Sen. Chris Murphy (D-CT) “warned the president not to underestimate the gun lobby. The Connecticut Democrat has fought for gun control since Sandy Hook, and said, ‘it’s going to have to be you that brings the Republicans to the table on this … because right now, the gun lobby would stop it in its tracks.’”

“‘I like that responsibility, Chris. I really do,’ Trump said. ‘I think it’s time. It’s time that a president stepped up, and we haven’t had them—and I’m talking Democrat and Republican presidents. They have not stepped up.’” (Real Clear Politics)

MORE ON GUNS. In the meeting, “Democrats argued that Trump had power Democratic President Barack Obama never had: trust with the Republican base that he would not infringe on the Second Amendment.

“‘With President Trump no one believes he will take their guns away,’ said West Virginia Sen. Joe Manchin.

“But the impact of the meeting at the White House, which stunned some within the President’s own party and puzzled aides back on the Hill, was still uncertain.

“‘Holy s—-,’ one Democratic Senate emailed as they watched the meeting unfolding. ‘I don’t know, man,’ another Democratic Senate aide said. ‘We’ll see what happens, I guess.’ (CNN)

SANDERS. Murphy, along with Sens. Bernie Sanders (I-VT) and Mike Lee (R-UT) “introduced Wednesday a bipartisan joint resolution to remove U.S. Armed Forces from hostilities between the Saudi-led coalition and the Houthis in Yemen pursuant to the War Powers Resolution. The bill will force the first-ever vote in the Senate to withdraw U.S. Armed Forces from an unauthorized war.” (release)

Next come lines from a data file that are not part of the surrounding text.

lemma word_map_image_cases:
  assumes S: "S \<subseteq> fin_supp" "fun_vs.subspace S"
    and closed: "\<And>t i. t \<in> S \<Longrightarrow> opEW la i t \<in> S" "\<And>t i. t \<in> S \<Longrightarrow> opFW i t \<in> S"
      "\<And>t i. t \<in> S \<Longrightarrow> opKW la i t \<in> S" "\<And>t i. t \<in> S \<Longrightarrow> opKiW la i t \<in> S"
  shows "word_map ` S = {0} \<or> word_map ` S = carr M"
proof -
  have "vs.subspace (word_map ` S)"
  proof (rule vs.subspaceI)
    show "0 \<in> word_map ` S" using fun_vs.subspace_0[OF S(2)] word_map_zero by force
    show "x + y \<in> word_map ` S" if xy: "x \<in> word_map ` S" "y \<in> word_map ` S" for x y
    proof -
      obtain t s where ts: "t \<in> S" "s \<in> S" "x = word_map t" "y = word_map s" using xy by blast
      moreover have "t \<in> fin_supp" "s \<in> fin_supp" using ts S(1) by blast+
      ultimately have "x + y = word_map (t + s)" by (simp add: word_map_add)
      thus ?thesis using ts fun_vs.subspace_add[OF S(2)] by blast
    qed
    show "smult M c x \<in> word_map ` S" if x: "x \<in> word_map ` S" for c x
    proof -
      obtain t where t: "t \<in> S" "x = word_map t" using x by blast
      moreover have "t \<in> fin_supp" using t S(1) by blast
      ultimately have "smult M c x = word_map (fscale c t)" by (simp add: word_map_scale)
      thus ?thesis using t fun_vs.subspace_scale[OF S(2)] by blast
    qed
  qed
  moreover have "opE M i x \<in> word_map ` S \<and> opF M i x \<in> word_map ` S \<and>
      opK M i x \<in> word_map ` S \<and> opKi M i x \<in> word_map ` S" if x: "x \<in> word_map ` S" for i x
  proof -
    obtain t where t: "t \<in> S" "x = word_map t" using x by blast
    moreover have "t \<in> fin_supp" using t S(1) by blast
    ultimately have "opE M i x = word_map (opEW la i t)" "opF M i x = word_map (opFW i t)"
      "opK M i x = word_map (opKW la i t)" "opKi M i x = word_map (opKiW la i t)"
      by (simp_all add: word_map_opEW word_map_opFW word_map_opKW word_map_opKiW)
    thus ?thesis using closed t(1) by blast
  qed
  ultimately have "is_submod M (word_map ` S)"
    using word_map_carr by (auto simp: is_submod_def)
  thus ?thesis using irreducible by (simp add: irreducible_mod_def)
qed

lemma word_map_surj: "word_map ` fin_supp = carr M"
proof -
  have "m \<in> word_map ` fin_supp"
    using word_map_word_vec[of "[]"] by (intro image_eqI[OF _ word_vec_fin_supp[of "[]"]]) (simp add: Fword_Nil)
  moreover have "word_map ` fin_supp = {0} \<or> word_map ` fin_supp = carr M"
    by (rule word_map_image_cases)
      (simp_all add: fin_supp_subspace fin_supp_opEW fin_supp_opFW fin_supp_opKW fin_supp_opKiW)
  ultimately show ?thesis using m_nonzero by auto
qed

text \<open>The image of the radical is a proper submodule, since its weight \<open>\<lambda>\<close> part vanishes;
  by irreducibility it is zero.\<close>
lemma word_map_radical:
  assumes "t \<in> fin_supp" "t \<in> radical la"
  shows "word_map t = 0"
proof -
  let ?S = "fin_supp \<inter> radical la"
  have "word_map ` ?S = {0} \<or> word_map ` ?S = carr M"
    by (rule word_map_image_cases)
      (auto simp: fun_vs.subspace_inter fin_supp_subspace radical_subspace fin_supp_opEW fin_supp_opFW
        fin_supp_diagW radical_opEW radical_opFW opKW_def opKiW_def radical_diagW)
  moreover have "m \<notin> word_map ` ?S"
  proof
    assume "m \<in> word_map ` ?S"
    then obtain r where r: "r \<in> fin_supp" "r \<in> radical la" "m = word_map r" by blast
    have "foldr (opEW la) [] r [] = 0" using r(2) unfolding radical_def by blast
    hence "r [] = 0" by simp
    moreover have "m = wt_part r la"
      using word_map_wspace[OF r(1)] r(3) m_carr opK_m by (simp add: wspace_def)
    ultimately show False using m_nonzero by (simp add: wt_part_highest)
  qed
  ultimately show ?thesis using m_carr assms by blast
qed

lemma word_map_eq_0_iff:
  assumes t: "t \<in> fin_supp"
  shows "word_map t = 0 \<longleftrightarrow> t \<in> radical la"
proof
  assume t0: "word_map t = 0"
  show "t \<in> radical la"
  proof (rule ccontr)
    assume "t \<notin> radical la"
    then obtain e c where ec: "c \<noteq> 0" "foldr (opEW la) e t - fscale c (word_vec []) \<in> radical la"
      using radical_top_vector[OF t] by blast
    have fs: "foldr (opEW la) e t - fscale c (word_vec []) \<in> fin_supp"
      by (intro fin_supp_diff fin_supp_foldr_opEW fin_supp_scale word_vec_fin_supp t)
    have "word_map (foldr (opEW la) e t) = 0"
      using t0 by (simp add: word_map_foldr_opEW[OF t] foldr_opE_zero)
    hence "word_map (foldr (opEW la) e t - fscale c (word_vec [])) = - smult M c m"
      by (simp add: word_map_diff fin_supp_foldr_opEW[OF t] fin_supp_scale word_vec_fin_supp
          word_map_scale word_map_word_vec Fword_Nil)
    with word_map_radical[OF fs ec(2)] have "smult M c m = 0" by simp
    thus False using ec(1) m_nonzero by simp
  qed
qed (rule word_map_radical[OF t])

lemma highest_weight_line:
  assumes y: "y \<in> carr M" and E0: "\<And>i. opE M i y = 0"
  shows "\<exists>c. y = smult M c m"
proof -
  obtain t where t: "t \<in> fin_supp" "y = word_map t" using y word_map_surj by blast
  have "opEW la i t \<in> radical la" for i
    using word_map_eq_0_iff[OF fin_supp_opEW[OF t(1)]] E0 word_map_opEW[OF t(1)] t(2) by simp
  hence "t - fscale (t []) (word_vec []) \<in> radical la" by (rule radical_highest)
  hence "word_map (t - fscale (t []) (word_vec [])) = 0"
    by (intro word_map_radical fin_supp_diff fin_supp_scale word_vec_fin_supp t(1))
  hence "y = smult M (t []) m"
    using t by (simp add: word_map_diff fin_supp_scale word_vec_fin_supp word_map_scale
        word_map_word_vec Fword_Nil)
  thus ?thesis by blast
qed

lemma weight_module: "weight_module M"
  unfolding weight_module_def
proof (intro conjI is_Umod ballI)
  fix x assume "x \<in> carr M"
  then obtain t where "t \<in> fin_supp" "x = word_map t" using word_map_surj by blast
  thus "\<exists>S f. finite S \<and> (\<forall>\<mu>\<in>S. f \<mu> \<in> wspace M \<mu>) \<and> x = sum f S"
    using word_map_wt_decomp wt_part_wspace
    by (intro exI[of _ "word_wt la ` {u. t u \<noteq> 0}"] exI[of _ "wt_part t"]) (auto simp: fin_supp_def)
qed

lemma in_Chi: "in_Chi M"
  unfolding in_Chi_def
proof (intro conjI weight_module ballI)
  fix x assume "x \<in> carr M"
  then obtain t where t: "t \<in> fin_supp" "x = word_map t" using word_map_surj by blast
  obtain n where n: "\<And>e. n \<le> length e \<Longrightarrow> foldr (opEW la) e t = 0"
    using fin_supp_foldr_opEW_eventually_zero[OF t(1)] by blast
  have "foldr (opE M) e x = 0" if "n \<le> length e" for e
    using word_map_foldr_opEW[OF t(1), of e] n[OF that] t(2) by (simp add: word_map_zero)
  thus "\<exists>n0. \<forall>w. n0 \<le> length w \<longrightarrow> foldr (opE M) w x = 0" by blast
qed

lemma wspace_in_span:
  assumes x: "x \<in> wspace M nu"
  shows "x \<in> vs.span (Fword ` {w. word_wt la w = nu})"
proof -
  obtain t where t: "t \<in> fin_supp" "x = word_map t" using wspace_carr[OF x] word_map_surj by blast
  hence "x = wt_part t nu" using word_map_wspace[OF t(1)] x by simp
  thus ?thesis using wt_part_in_span by simp
qed

lemma in_O: "in_O M"
  unfolding in_O_def
proof (intro conjI weight_module allI)
  show "\<exists>B. finite B \<and> wspace M nu \<subseteq> vs.span B" for nu
    using wspace_in_span finite_word_wt_fibre
    by (intro exI[of _ "Fword ` {w. word_wt la w = nu}"]) auto
  have "le_wt mu la" if mu: "mu \<in> wts M" for mu
  proof -
    obtain x where x: "x \<in> wspace M mu" "x \<noteq> 0"
      using mu vs.subspace_0[OF wspace_subspace] unfolding wts_def by blast
    have "Fword ` {w. word_wt la w = mu} \<noteq> {}"
    proof
      assume "Fword ` {w. word_wt la w = mu} = {}"
      thus False using wspace_in_span[OF x(1)] x(2) by simp
    qed
    then obtain w where "word_wt la w = mu" by blast
    thus ?thesis using le_wt_word_wt by blast
  qed
  thus "\<exists>Las. finite Las \<and> wts M \<subseteq> {\<mu>. \<exists>la\<in>Las. le_wt \<mu> la}"
    by (intro exI[of _ "{la}"]) auto
qed

lemma highest_weight_unique:
  assumes y: "y \<in> carr M" "y \<noteq> 0" and E0: "\<And>i. opE M i y = 0"
    and K: "\<And>i. opK M i y = smult M (vq powi mu i) y"
  shows "mu = la"
proof
  fix i
  obtain c where c: "y = smult M c m" using highest_weight_line[OF y(1) E0] by blast
  have "smult M (vq powi la i) y = smult M (vq powi mu i) y"
    using K[of i] c m_carr opK_m by (simp add: lin_on_scale[OF lin_on_ops(3)] vs.scale_left_commute)
  thus "mu i = la i" using y(2) vs.scale_cancel_right vq_powi_inject by metis
qed

end

lemma is_L_iff_irreducible_hw: "is_L la M \<longleftrightarrow> (\<exists>m. irreducible_hw M la m)"
  by (auto simp: is_L_def irreducible_hw_def irreducible_hw_axioms_def hw_vector_def
      hw_vector_axioms_def umodule_def irreducible_mod_def)

section \<open>Isomorphism classes\<close>

text \<open>Both word maps are onto and have the radical as kernel, so they induce an isomorphism.\<close>
locale irreducible_hw_pair = M: irreducible_hw M la m + N: irreducible_hw N la n
  for M :: "'b::ab_group_add umod" and N :: "'c::ab_group_add umod" and la m n
begin

definition iso_map :: "'b \<Rightarrow> 'c" where
  "iso_map x = N.word_map (inv_into fin_supp M.word_map x)"

lemma word_map_eq_iff:
  assumes "t \<in> fin_supp" "s \<in> fin_supp"
  shows "M.word_map t = M.word_map s \<longleftrightarrow> N.word_map t = N.word_map s"
  using assms M.word_map_eq_0_iff[OF fin_supp_diff] N.word_map_eq_0_iff[OF fin_supp_diff]
  by (simp add: M.word_map_diff N.word_map_diff)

STEYER. Democratic mega donor Tom Steyer’s Need to Impeach campaign “has just reached more than five million supporters. This milestone comes at the kickoff of phase two of the campaign. In this stage, Need to Impeach will focus on reaching new audiences across the political spectrum about the need to remove Donald Trump from office, while continuing to deepen its reach and engage constituents in districts held by members of Congress who have not voted for impeachment.” (release)

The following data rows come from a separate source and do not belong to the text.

lemma finite_closed_nbhd: "finite (closed_nbhd x)"
  using graph by (simp add: is_graph_def closed_nbhd_def)

lemma weight_eq_0_outside_closed_nbhd: "y \<notin> closed_nbhd x \<Longrightarrow> q x y = 0"
  using weight_nonneg[of x y] by (auto simp: closed_nbhd_def)

lemma laplacian_eq_sum_closed_nbhd:
  "laplacian q g x = (\<Sum>y\<in>closed_nbhd x. q x y * (g y - g x))"
  unfolding laplacian_def closed_nbhd_def
  by (rule sum.mono_neutral_left) (use graph weight_nonneg in \<open>auto simp: is_graph_def order_le_less\<close>)

lemma adj_sym: "adj q x y \<Longrightarrow> adj q y x"
proof -
  obtain m where m: "\<And>x. 0 < m x" "\<And>x y. q x y * m x = q y x * m y"
    using reversible by (auto simp: reversible_def)
  assume "adj q x y"
  then have "0 < q y x * m y" using m by (metis adj_def mult_pos_pos)
  then show "adj q y x" using m(1)[of y] by (simp add: adj_def zero_less_mult_iff)
qed

lemma gdist_path: "(adj q ^^ d x y) x y"
  unfolding gdist_def using connected by (auto simp: connected_graph_def intro: LeastI_ex)

lemma gdist_le: "(adj q ^^ n) x y \<Longrightarrow> d x y \<le> n"
  unfolding gdist_def by (rule Least_le)

lemma gdist_sym: "d x y = d y x"
  using gdist_le[OF relpowp_sym[OF adj_sym gdist_path]] by (metis le_antisym)

lemma gdist_triangle: "d x z \<le> d x y + d y z"
  using gdist_path[of x y] gdist_path[of y z] by (intro gdist_le) (auto simp: relpowp_add)

lemma gdist_eq_0_iff: "d x y = 0 \<longleftrightarrow> x = y"
  using gdist_path[of x y] gdist_le[of 0 x x] by auto

lemma gdist_closed_nbhd: "y \<in> closed_nbhd x \<Longrightarrow> d x y \<le> 1"
  using gdist_le[of 1 x y] gdist_le[of 0 x x] by (auto simp: closed_nbhd_def adj_def OO_def)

TAXES. “The … risk for Democrats this year is that they will be caught in an endless succession of Trump-centered battles … and fail to effectively challenge the GOP claim that its tax-cut plan is benefiting average families. … [T]he trajectory shows that, in the short term, Republicans—and their business allies—have been winning the tax debate. If Democrats can’t reverse that trend, it could limit their gains this fall.” (The Atlantic)

DNC. The Democratic National Committee is “planning to contact 50 million voters before the November elections. The DNC, which has struggled financially and faced doubts about its relevance, will focus its 2018 organizing plans for the midterms around partnerships with a wide range of groups aimed at boosting turnout among Democratic-leaning voters, who have been less likely to get to the polls in recent nonpresidential elections.”

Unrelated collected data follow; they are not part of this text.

lemma jump_eq_0: "jump x = 0"
proof -
  have "jump x \<le> 0"
  proof (rule subsolution_nonpos[where p = p and w = jump])
    have "jump y \<le> 1" for y
      using jump_le_osc[of 1 y] le_1[of "y - 1"] nonneg[of "y + 1"] by (simp add: osc_def)
    then show "bdd_above (range jump)"
      by (intro bdd_aboveI2)
    show "eventually (\<lambda>x. jump x < e) (at_right 2)" if "0 < e" for e
    proof -
      have "filterlim (\<lambda>x::real. 2 * x - 2) (at_right 2) (at_right 2)"
        by real_asymp
      then have "eventually (\<lambda>x. 1 - \<phi> (2 * x - 2) < e) (at_right 2)"
        using eventually_near_2[OF that] by (auto simp: filterlim_iff)
      moreover have "eventually (\<lambda>x. 2 < x) (at_right (2::real))"
        by (simp add: eventually_at_right_less)
      ultimately show ?thesis
      proof eventually_elim
        case (elim x)
        then have "jump x \<le> osc (x - 2) x"
          by (intro jump_le_osc) simp
        then show ?case
          using elim boundary[of 2] by (simp add: osc_def)
      qed
    qed
    show "eventually (\<lambda>x. jump x < e) at_top" if e: "0 < e" for e
    proof -
      obtain R where R: "\<And>y. R \<le> y \<Longrightarrow> \<phi> y < e"
        using order_tendstoD(2)[OF tendsto_0 e] by (auto simp: eventually_at_top_linorder)
      have "jump x < e" if "R + 1 \<le> x" for x
        using jump_le_osc[of 1 x] R[of "x - 1"] nonneg[of "x + 1"] that by (simp add: osc_def)
      then show ?thesis
        by (auto simp: eventually_at_top_linorder)
    qed
  qed (use param jump_boundary jump_subsolution in auto)
  then show ?thesis
    using jump_nonneg[of x] by simp
qed

lemma isCont: "isCont \<phi> x"
  unfolding isCont_def LIM_eq
proof (intro allI impI)
  fix r :: real
  assume "0 < r"
  then obtain \<delta> where \<delta>: "0 < \<delta>" "osc \<delta> x < r"
    using osc_close_to_jump[of r x] jump_eq_0[of x] by auto
  have "\<bar>\<phi> y - \<phi> x\<bar> < r" if "\<bar>y - x\<bar> < \<delta>" for y
    using antimonoD[OF antimono, of "x - \<delta>" y] antimonoD[OF antimono, of y "x + \<delta>"]
      antimonoD[OF antimono, of "x - \<delta>" x] antimonoD[OF antimono, of x "x + \<delta>"] that \<delta>
    by (simp add: osc_def abs_if split: if_splits)
  then show "\<exists>s>0. \<forall>y. y \<noteq> x \<and> norm (y - x) < s \<longrightarrow> norm (\<phi> y - \<phi> x) < r"
    using \<delta> by auto
qed

end

lemma ruin_solution_unique: "ruin_solution p \<phi> \<Longrightarrow> ruin_solution p \<psi> \<Longrightarrow> \<phi> = \<psi>"
  by (intro ext order.antisym ruin_solution.le_solution)

lemma ruin_solution_ruin_prob:
  assumes p: "0 < p" "p < 1 / 2"
  shows "ruin_solution p (\<lambda>x. ruin_prob x p)"
proof
  show "0 < p" "p < 1"
    using p by simp_all
  show "ruin_prob x p = 1" if "x \<le> 2" for x
    using ruin_prob_le_2[OF _ _ that] p by simp
  show "ruin_prob x p = p * ruin_prob ((x + 1) / 2) p + (1 - p) * ruin_prob (2 * x - 2) p"
    if "2 < x" for x
    using ruin_prob_first_step[of x p] that p by simp
  show "antimono (\<lambda>x. ruin_prob x p)"
    using p by (intro antimonoI ruin_prob_antimono) simp_all
  show "((\<lambda>x. ruin_prob x p) \<longlongrightarrow> 0) at_top"
    using ruin_prob_tendsto_0[OF p] .
qed

section \<open>Continuity in the winning probability\<close>

lemma ruin_solution_limit:
  assumes q_01: "\<And>n. 0 < q n" "\<And>n. q n < 1" and q: "q \<longlonglongrightarrow> p0" and p0: "0 < p0" "p0 < 1"
    and lim: "\<And>x. (\<lambda>n. ruin_prob x (q n)) \<longlonglongrightarrow> \<phi> x"
    and tendsto_0: "(\<phi> \<longlongrightarrow> 0) at_top"
  shows "ruin_solution p0 \<phi>"
proof
  show "0 < p0" "p0 < 1"
    by (fact p0)+
  show "\<phi> x = 1" if "x \<le> 2" for x
    using LIMSEQ_unique[OF lim] ruin_prob_le_2[OF q_01 that] by simp
  show "\<phi> x = p0 * \<phi> ((x + 1) / 2) + (1 - p0) * \<phi> (2 * x - 2)" if "2 < x" for x
  proof -
    have "ruin_prob x (q n)
          = q n * ruin_prob ((x + 1) / 2) (q n) + (1 - q n) * ruin_prob (2 * x - 2) (q n)" for n
      using ruin_prob_first_step[of x "q n"] that q_01[of n] by simp
    moreover have "(\<lambda>n. q n * ruin_prob ((x + 1) / 2) (q n) + (1 - q n) * ruin_prob (2 * x - 2) (q n))
        \<longlonglongrightarrow> p0 * \<phi> ((x + 1) / 2) + (1 - p0) * \<phi> (2 * x - 2)"
      by (intro tendsto_intros q lim)
    ultimately show ?thesis
      using LIMSEQ_unique[OF lim[of x]] by simp
  qed
  show "antimono \<phi>"
    by (intro antimonoI LIMSEQ_le[OF lim lim] exI[of _ 0] allI impI ruin_prob_antimono q_01)
  show "(\<phi> \<longlongrightarrow> 0) at_top"
    by (fact tendsto_0)
qed

lemma monoseq_le_max_limit:
  fixes q :: "nat \<Rightarrow> real"
  assumes "monoseq q" "q \<longlonglongrightarrow> L"
  shows "q n \<le> max (q 0) L"
  using assms incseq_le[of q L n] by (auto simp: monoseq_iff decseq_def le_max_iff_disj)

lemma monoseq_ruin_prob_param:
  assumes "monoseq q" "\<And>n. 0 < q n" "\<And>n. q n < 1"
  shows "monoseq (\<lambda>n. ruin_prob x (q n))"
  using assms unfolding monoseq_def by (meson ruin_prob_mono_param)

“In addition to working with state parties and Democratic mayors from more than 30 cities, the DNC says it will partner with groups focused on key demographics, like the Congressional Black Caucus’ PAC and Latino Victory Fund, as well newer ‘resistance’ groups opposing President Donald Trump like Swing Left and Flippable, among others.” (NBC News)

RUN FOR SOMETHING. Run for Something, “which launched last year to encourage young progressives to jump into local races, on Thursday will unveil Fund for Something, to direct interested donors to preferred candidates through an online portal. The first wave of 29 candidates in the program, running in 14 different states, are all going up against NRA-backed candidates. One is from near Newtown, Conn. One is from near Parkland, Fla.” (Politico)

BLUE DOG DEMOCRATS. The Blue Dog Democrats “launched a working group aimed at promoting bipartisan policies—largely economic—they hope will resonate with voters in those pockets of the country where the post-recession recovery has lagged behind that in the cities and suburbs. Politically, their message reflects the underlying belief that the road to a Democratic majority cuts straight through the heartland.”

“The group is concentrating its message on four broad policy areas: growing jobs and the economy; weeding out “antiquated” regulations they deem a hindrance to economic expansion; eliminating disparities in rural access to health care, including efforts to tackle the opioid crisis; and enhancing services to military veterans who have served abroad.” (The Hill)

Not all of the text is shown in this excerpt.